--- START ---

lemma lattice_y_1_subset_range:
  "{(x, y). (x - y) mod 8 = (2::int) \<and> y mod 4 = 1} \<subseteq> range param_y_1"
proof
  fix z assume "z \<in> {(x, y). (x - y) mod 8 = (2::int) \<and> y mod 4 = 1}"
  then obtain x y where z: "z = (x, y)" and "(x - y) mod 8 = 2" "y mod 4 = 1"
    by (cases z) simp
  from \<open>y mod 4 = 1\<close> obtain t where t: "y = 4 * t + 1"
    by (rule int_mod_eqE)
  have "(x + y) mod 16 = 4 \<or> (x + y) mod 16 = 12"
    using \<open>(x - y) mod 8 = 2\<close> \<open>y mod 4 = 1\<close> by presburger
  then show "z \<in> range param_y_1"
  proof
    assume "(x + y) mod 16 = 4"
    then obtain b where "x + y = 16 * b + 4"
      by (rule int_mod_eqE)
    then have "z = (16 * b - 4 * t + 3, 4 * t + 1)"
      using z t by simp
    then have "z = param_y_1 (2 * t - b, b)"
      by (simp add: param_y_1_def algebra_simps)
    then show ?thesis
      by (rule range_eqI)
  next
    assume "(x + y) mod 16 = 12"
    then obtain b where "x + y = 16 * b + 12"
      by (rule int_mod_eqE)
    then have "z = (16 * b - 4 * t + 11, 4 * t + 1)"
      using z t by simp
    then have "z = param_y_1 (b - 2 * t, - b - 1)"
      by (simp add: param_y_1_def algebra_simps)
    then show ?thesis
      by (rule range_eqI)
  qed
qed

lemma inj_param_y_1: "inj param_y_1"
proof (rule injI)
  fix u v assume eq: "param_y_1 u = param_y_1 v"
  obtain a b a' b' where uv: "u = (a, b)" "v = (a', b')"
    by force
  show "u = v"
  proof (cases "even (a + b) \<longleftrightarrow> even (a' + b')")
    case True
    then show ?thesis
      using eq uv by (cases "even (a + b)") (simp_all add: param_y_1_def)
  next
    case False
    then consider "even (a + b)" "odd (a' + b')" | "odd (a + b)" "even (a' + b')"
      by blast
    \<comment> \<open>Opposite signs: \<open>x + y\<close> would equal both \<open>16 b + 4\<close> and \<open>- 16 b' - 4\<close>.\<close>
    then have "16 * (b + b') = - 8"
      by cases (use eq uv in \<open>simp_all add: param_y_1_def\<close>)
    moreover have "16 * t \<noteq> (- 8 :: int)" for t
      by presburger
    ultimately show ?thesis
      by blast
  qed
qed

lemma bij_betw_param_y_1:
  "bij_betw param_y_1 UNIV {(x, y). (x - y) mod 8 = (2::int) \<and> y mod 4 = 1}"
  (is "bij_betw _ _ ?S")
proof (rule bij_betw_imageI)
  show "inj param_y_1"
    by (rule inj_param_y_1)
  have "param_y_1 u \<in> ?S" for u
  proof (cases u)
    case (Pair a b)
    have "\<exists>e. a = 2 * e - b \<or> a = 2 * e + 1 - b"
      by presburger
    then obtain e where "a = 2 * e - b \<or> a = 2 * e + 1 - b"
      by blast
    then show ?thesis
      unfolding Pair by (elim disjE) (simp_all add: param_y_1_def, presburger+)
  qed
  then show "range param_y_1 = ?S"
    by (intro subset_antisym image_subsetI lattice_y_1_subset_range)
qed

definition param_y_3_8 :: "int \<times> int \<Rightarrow> int \<times> int" where
  "param_y_3_8 = (\<lambda>(c, b).
     if odd c then (2 * c + 28 * b + 7, 4 * b + 1 - 2 * c)
     else (2 * c - 28 * b - 7, - 4 * b - 1 - 2 * c))"

lemma lattice_y_3_8_subset_range:
  "{(x, y). (x - y) mod 8 = (2::int) \<and> y mod 4 = 3 \<and> (x + y) mod 16 = 8}
     \<subseteq> range param_y_3_8"
proof
  fix z
  assume "z \<in> {(x, y). (x - y) mod 8 = (2::int) \<and> y mod 4 = 3 \<and> (x + y) mod 16 = 8}"
  then obtain x y where z: "z = (x, y)" and "y mod 4 = 3" "(x + y) mod 16 = 8"
    by (cases z) simp
  from \<open>y mod 4 = 3\<close> obtain t where t: "y = 4 * t + 3"
    by (rule int_mod_eqE)
  from \<open>(x + y) mod 16 = 8\<close> obtain m where "x + y = 16 * m + 8"
    by (rule int_mod_eqE)
  then have z': "z = (16 * m - 4 * t + 5, 4 * t + 3)"
    using z t by simp
  show "z \<in> range param_y_3_8"
  proof (cases m rule: int_even_odd_cases)
    case (even f)
    then have "z = param_y_3_8 (2 * f - 2 * t - 1, f)"
      unfolding z' by (simp add: param_y_3_8_def algebra_simps)
    then show ?thesis
      by (rule range_eqI)
  next
    case (odd f)
    then have "z = param_y_3_8 (2 * f - 2 * t, - f - 1)"
      unfolding z' by (simp add: param_y_3_8_def algebra_simps)
    then show ?thesis
      by (rule range_eqI)
  qed
qed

--- END ---

* WHAT YOU HAVE TO DO
All of the records above need to be copied exactly.

* TASK RESPONSE
lemma lattice_y_1_subset_range:
  "{(x, y). (x - y) mod 8 = (2::int) \<and> y mod 4 = 1} \<subseteq> range param_y_1"
proof
  fix z assume "z \<in> {(x, y). (x - y) mod 8 = (2::int) \<and> y mod 4 = 1}"
  then obtain x y where z: "z = (x, y)" and "(x - y) mod 8 = 2" "y mod 4 = 1"
    by (cases z) simp
  from \<open>y mod 4 = 1\<close> obtain t where t: "y = 4 * t + 1"
    by (rule int_mod_eqE)
  have "(x + y) mod 16 = 4 \<or> (x + y) mod 16 = 12"
    using \<open>(x - y) mod 8 = 2\<close> \<open>y mod 4 = 1\<close> by presburger
  then show "z \<in> range param_y_1"
  proof
    assume "(x + y) mod 16 = 4"
    then obtain b where "x + y = 16 * b + 4"
      by (rule int_mod_eqE)
    then have "z = (16 * b - 4 * t + 3, 4 * t + 1)"
      using z t by simp
    then have "z = param_y_1 (2 * t - b, b)"
      by (simp add: param_y_1_def algebra_simps)
    then show ?thesis
      by (rule range_eqI)
  next
    assume "(x + y) mod 16 = 12"
    then obtain b where "x + y = 16 * b + 12"
      by (rule int_mod_eqE)
    then have "z = (16 * b - 4 * t + 11, 4 * t + 1)"
      using z t by simp
    then have "z = param_y_1 (b - 2 * t, - b - 1)"
      by (simp add: param_y_1_def algebra_simps)
    then show ?thesis
      by (rule range_eqI)
  qed
qed

lemma inj_param_y_1: "inj param_y_1"
proof (rule injI)
  fix u v assume eq: "param_y_1 u = param_y_1 v"
  obtain a b a' b' where uv: "u = (a, b)" "v = (a', b')"
    by force
  show "u = v"
  proof (cases "even (a + b) \<longleftrightarrow> even (a' + b')")
    case True
    then show ?thesis
      using eq uv by (cases "even (a + b)") (simp_all add: param_y_1_def)
  next
    case False
    then consider "even (a + b)" "odd (a' + b')" | "odd (a + b)" "even (a' + b')"
      by blast
    \<comment> \<open>Opposite signs: \<open>x + y\<close> would equal both \<open>16 b + 4\<close> and \<open>- 16 b' - 4\<close>.\<close>
    then have "16 * (b + b') = - 8"
      by cases (use eq uv in \<open>simp_all add: param_y_1_def\<close>)
    moreover have "16 * t \<noteq> (- 8 :: int)" for t
      by presburger
    ultimately show ?thesis
      by blast
  qed
qed

lemma bij_betw_param_y_1:
  "bij_betw param_y_1 UNIV {(x, y). (x - y) mod 8 = (2::int) \<and> y mod 4 = 1}"
  (is "bij_betw _ _ ?S")
proof (rule bij_betw_imageI)
  show "inj param_y_1"
    by (rule inj_param_y_1)
  have "param_y_1 u \<in> ?S" for u
  proof (cases u)
    case (Pair a b)
    have "\<exists>e. a = 2 * e - b \<or> a = 2 * e + 1 - b"
      by presburger
    then obtain e where "a = 2 * e - b \<or> a = 2 * e + 1 - b"
      by blast
    then show ?thesis
      unfolding Pair by (elim disjE) (simp_all add: param_y_1_def, presburger+)
  qed
  then show "range param_y_1 = ?S"
    by (intro subset_antisym image_subsetI lattice_y_1_subset_range)
qed

definition param_y_3_8 :: "int \<times> int \<Rightarrow> int \<times> int" where
  "param_y_3_8 = (\<lambda>(c, b).
     if odd c then (2 * c + 28 * b + 7, 4 * b + 1 - 2 * c)
     else (2 * c - 28 * b - 7, - 4 * b - 1 - 2 * c))"

lemma lattice_y_3_8_subset_range:
  "{(x, y). (x - y) mod 8 = (2::int) \<and> y mod 4 = 3 \<and> (x + y) mod 16 = 8}
     \<subseteq> range param_y_3_8"
proof
  fix z
  assume "z \<in> {(x, y). (x - y) mod 8 = (2::int) \<and> y mod 4 = 3 \<and> (x + y) mod 16 = 8}"
  then obtain x y where z: "z = (x, y)" and "y mod 4 = 3" "(x + y) mod 16 = 8"
    by (cases z) simp
  from \<open>y mod 4 = 3\<close> obtain t where t: "y = 4 * t + 3"
    by (rule int_mod_eqE)
  from \<open>(x + y) mod 16 = 8\<close> obtain m where "x + y = 16 * m + 8"
    by (rule int_mod_eqE)
  then have z': "z = (16 * m - 4 * t + 5, 4 * t + 3)"
    using z t by simp
  show "z \<in> range param_y_3_8"
  proof (cases m rule: int_even_odd_cases)
    case (even f)
    then have "z = param_y_3_8 (2 * f - 2 * t - 1, f)"
      unfolding z' by (simp add: param_y_3_8_def algebra_simps)
    then show ?thesis
      by (rule range_eqI)
  next
    case (odd f)
    then have "z = param_y_3_8 (2 * f - 2 * t, - f - 1)"
      unfolding z' by (simp add: param_y_3_8_def algebra_simps)
    then show ?thesis
      by (rule range_eqI)
  qed
qed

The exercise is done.